→ **About this task**:
All records must be restated word for word.

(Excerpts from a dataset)
╭──

lemma parent_nearest:
  assumes "u \<in> X" "u \<notin> S" "par u = Some (opp e)" "dist_behind S e u = Some a"
    and "dist_behind S e' u = Some b"
  shows "a \<le> b"
proof -
  obtain i where u: "u = pos i"
    using assms(1) by (rule in_X_E)
  obtain e\<^sub>0 a\<^sub>0 where "par u = Some (opp e\<^sub>0)" "dist_behind S e\<^sub>0 u = Some a\<^sub>0"
    "\<forall>b. dist_behind S (opp e\<^sub>0) u = Some b \<longrightarrow> a\<^sub>0 \<le> b"
    using assms(1,2) by (rule parent_towardsE)
  moreover have "e' = e \<or> e' = opp e"
    using dist_behind_same_axis[of e i e'] assms(4,5) u by simp
  ultimately show ?thesis
    using assms(3-5) by auto
qed

lemma parent_along_segment:
  assumes u: "u \<in> X" "u \<notin> S" and par: "par u = Some (opp e)"
    and dist: "dist_behind S e u = Some a" and "k < a"
  shows "behind e u k \<in> X \<and> behind e u k \<notin> S \<and> par (behind e u k) = Some (opp e)"
proof (cases "k = 0")
  case False
  define w where "w = behind e u k"
  have "w \<notin> S" "behind e u a \<in> X"
    using dist \<open>k < a\<close> False S_subset by (auto simp: w_def dist_behind_Some_iff)
  then have "w \<in> X"
    using axis_convex u \<open>k < a\<close> by (auto simp: w_def axis_convex_def)
  have dist_w: "dist_behind S e w = Some (a - k)"
    using dist_behind_behind[OF dist \<open>k < a\<close>] by (simp add: w_def)
  obtain e' a' where par_w: "par w = Some (opp e')" "dist_behind S e' w = Some a'"
    using \<open>w \<in> X\<close> \<open>w \<notin> S\<close> by (rule parent_towardsE)
  have "e' = e"
  proof (rule ccontr)
    assume "e' \<noteq> e"
    then have "e' = opp e"
      using \<open>w \<in> X\<close> dist_w par_w(2) dist_behind_same_axis by (metis in_X_E option.distinct(1))
    then obtain b where b: "dist_behind S (opp e) u = Some b" "a' = b + k"
      using par_w(2) dist_behind_opp_behind[OF u(2) dist \<open>k < a\<close>] by (auto simp: w_def)
    have "a' \<le> a - k"
      using parent_nearest[OF \<open>w \<in> X\<close> \<open>w \<notin> S\<close> par_w dist_w] .
    moreover have "a \<le> b"
      using parent_nearest[OF u par dist b(1)] .
    ultimately show False
      using b(2) False by linarith
  qed
  with \<open>w \<in> X\<close> \<open>w \<notin> S\<close> par_w show ?thesis
    by (simp add: w_def)
qed (use u par in simp)

definition root :: "node \<Rightarrow> node" where
  "root u = (if u \<in> S then u
     else behind (opp (the (par u))) u (the (dist_behind S (opp (the (par u))) u)))"

lemma root_nonsource:
  "u \<notin> S \<Longrightarrow> par u = Some (opp e) \<Longrightarrow> dist_behind S e u = Some a \<Longrightarrow> root u = behind e u a"
  by (simp add: root_def)

lemma root_source: "u \<in> S \<Longrightarrow> root u = u"
  by (simp add: root_def)

lemma root_in_S:
  assumes "u \<in> X"
  shows "root u \<in> S"
proof (cases "u \<in> S")
  case False
  with assms obtain e a where "par u = Some (opp e)" "dist_behind S e u = Some a"
    by (rule parent_towardsE)
  with False show ?thesis
    by (simp add: root_nonsource dist_behind_Some_iff)
qed (simp add: root_source)

lemma root_behind:
  assumes "u \<in> X" "u \<notin> S" "par u = Some (opp e)" "dist_behind S e u = Some a" "k \<le> a"
  shows "root (behind e u k) = root u"
proof (cases "k = a")
  case True
  with assms show ?thesis
    by (simp add: root_nonsource root_source dist_behind_Some_iff)
next
  case False
  with assms have "k < a"
    by simp
  with assms show ?thesis
    using parent_along_segment[OF assms(1-4) \<open>k < a\<close>] dist_behind_behind[OF assms(4) \<open>k < a\<close>]
    by (simp add: root_nonsource)
qed

lemma root_between:
  assumes "pos i \<in> X" "root (pos i) = pos k" "min i k \<le> m" "m \<le> max i k"
  shows "root (pos m) = pos k"
proof (cases "pos i \<in> S")
  case True
  with assms show ?thesis
    by (simp add: root_source)
next
  case False
  with assms(1) obtain e a where par: "par (pos i) = Some (opp e)" "dist_behind S e (pos i) = Some a"
    by (rule parent_towardsE)
  then have root: "root (pos i) = behind e (pos i) a" "behind e (pos i) a \<in> X" "0 < a"
    using False S_subset by (auto simp: root_nonsource dist_behind_Some_iff)
  then consider "e = d" "k = i - int a" | "e = opp d" "k = i + int a"
    using behind_in_X_pos[of e i a] assms(2) by auto
  then show ?thesis
  proof cases
    case 1
    then have "pos m = behind e (pos i) (nat (i - m))" "nat (i - m) \<le> a"
      using assms(3,4) by (auto simp: behind_pos)
    then show ?thesis
      using root_behind[OF assms(1) False par] assms(2) by simp
  next
    case 2
    then have "pos m = behind e (pos i) (nat (m - i))" "nat (m - i) \<le> a"
      using assms(3,4) by (auto simp: behind_opp_pos)
    then show ?thesis
      using root_behind[OF assms(1) False par] assms(2) by simp
  qed
qed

╰──

→ **Answer to the problem**:
lemma parent_nearest:
  assumes "u \<in> X" "u \<notin> S" "par u = Some (opp e)" "dist_behind S e u = Some a"
    and "dist_behind S e' u = Some b"
  shows "a \<le> b"
proof -
  obtain i where u: "u = pos i"
    using assms(1) by (rule in_X_E)
  obtain e\<^sub>0 a\<^sub>0 where "par u = Some (opp e\<^sub>0)" "dist_behind S e\<^sub>0 u = Some a\<^sub>0"
    "\<forall>b. dist_behind S (opp e\<^sub>0) u = Some b \<longrightarrow> a\<^sub>0 \<le> b"
    using assms(1,2) by (rule parent_towardsE)
  moreover have "e' = e \<or> e' = opp e"
    using dist_behind_same_axis[of e i e'] assms(4,5) u by simp
  ultimately show ?thesis
    using assms(3-5) by auto
qed

lemma parent_along_segment:
  assumes u: "u \<in> X" "u \<notin> S" and par: "par u = Some (opp e)"
    and dist: "dist_behind S e u = Some a" and "k < a"
  shows "behind e u k \<in> X \<and> behind e u k \<notin> S \<and> par (behind e u k) = Some (opp e)"
proof (cases "k = 0")
  case False
  define w where "w = behind e u k"
  have "w \<notin> S" "behind e u a \<in> X"
    using dist \<open>k < a\<close> False S_subset by (auto simp: w_def dist_behind_Some_iff)
  then have "w \<in> X"
    using axis_convex u \<open>k < a\<close> by (auto simp: w_def axis_convex_def)
  have dist_w: "dist_behind S e w = Some (a - k)"
    using dist_behind_behind[OF dist \<open>k < a\<close>] by (simp add: w_def)
  obtain e' a' where par_w: "par w = Some (opp e')" "dist_behind S e' w = Some a'"
    using \<open>w \<in> X\<close> \<open>w \<notin> S\<close> by (rule parent_towardsE)
  have "e' = e"
  proof (rule ccontr)
    assume "e' \<noteq> e"
    then have "e' = opp e"
      using \<open>w \<in> X\<close> dist_w par_w(2) dist_behind_same_axis by (metis in_X_E option.distinct(1))
    then obtain b where b: "dist_behind S (opp e) u = Some b" "a' = b + k"
      using par_w(2) dist_behind_opp_behind[OF u(2) dist \<open>k < a\<close>] by (auto simp: w_def)
    have "a' \<le> a - k"
      using parent_nearest[OF \<open>w \<in> X\<close> \<open>w \<notin> S\<close> par_w dist_w] .
    moreover have "a \<le> b"
      using parent_nearest[OF u par dist b(1)] .
    ultimately show False
      using b(2) False by linarith
  qed
  with \<open>w \<in> X\<close> \<open>w \<notin> S\<close> par_w show ?thesis
    by (simp add: w_def)
qed (use u par in simp)

definition root :: "node \<Rightarrow> node" where
  "root u = (if u \<in> S then u
     else behind (opp (the (par u))) u (the (dist_behind S (opp (the (par u))) u)))"

lemma root_nonsource:
  "u \<notin> S \<Longrightarrow> par u = Some (opp e) \<Longrightarrow> dist_behind S e u = Some a \<Longrightarrow> root u = behind e u a"
  by (simp add: root_def)

lemma root_source: "u \<in> S \<Longrightarrow> root u = u"
  by (simp add: root_def)

lemma root_in_S:
  assumes "u \<in> X"
  shows "root u \<in> S"
proof (cases "u \<in> S")
  case False
  with assms obtain e a where "par u = Some (opp e)" "dist_behind S e u = Some a"
    by (rule parent_towardsE)
  with False show ?thesis
    by (simp add: root_nonsource dist_behind_Some_iff)
qed (simp add: root_source)

lemma root_behind:
  assumes "u \<in> X" "u \<notin> S" "par u = Some (opp e)" "dist_behind S e u = Some a" "k \<le> a"
  shows "root (behind e u k) = root u"
proof (cases "k = a")
  case True
  with assms show ?thesis
    by (simp add: root_nonsource root_source dist_behind_Some_iff)
next
  case False
  with assms have "k < a"
    by simp
  with assms show ?thesis
    using parent_along_segment[OF assms(1-4) \<open>k < a\<close>] dist_behind_behind[OF assms(4) \<open>k < a\<close>]
    by (simp add: root_nonsource)
qed

lemma root_between:
  assumes "pos i \<in> X" "root (pos i) = pos k" "min i k \<le> m" "m \<le> max i k"
  shows "root (pos m) = pos k"
proof (cases "pos i \<in> S")
  case True
  with assms show ?thesis
    by (simp add: root_source)
next
  case False
  with assms(1) obtain e a where par: "par (pos i) = Some (opp e)" "dist_behind S e (pos i) = Some a"
    by (rule parent_towardsE)
  then have root: "root (pos i) = behind e (pos i) a" "behind e (pos i) a \<in> X" "0 < a"
    using False S_subset by (auto simp: root_nonsource dist_behind_Some_iff)
  then consider "e = d" "k = i - int a" | "e = opp d" "k = i + int a"
    using behind_in_X_pos[of e i a] assms(2) by auto
  then show ?thesis
  proof cases
    case 1
    then have "pos m = behind e (pos i) (nat (i - m))" "nat (i - m) \<le> a"
      using assms(3,4) by (auto simp: behind_pos)
    then show ?thesis
      using root_behind[OF assms(1) False par] assms(2) by simp
  next
    case 2
    then have "pos m = behind e (pos i) (nat (m - i))" "nat (m - i) \<le> a"
      using assms(3,4) by (auto simp: behind_opp_pos)
    then show ?thesis
      using root_behind[OF assms(1) False par] assms(2) by simp
  qed
qed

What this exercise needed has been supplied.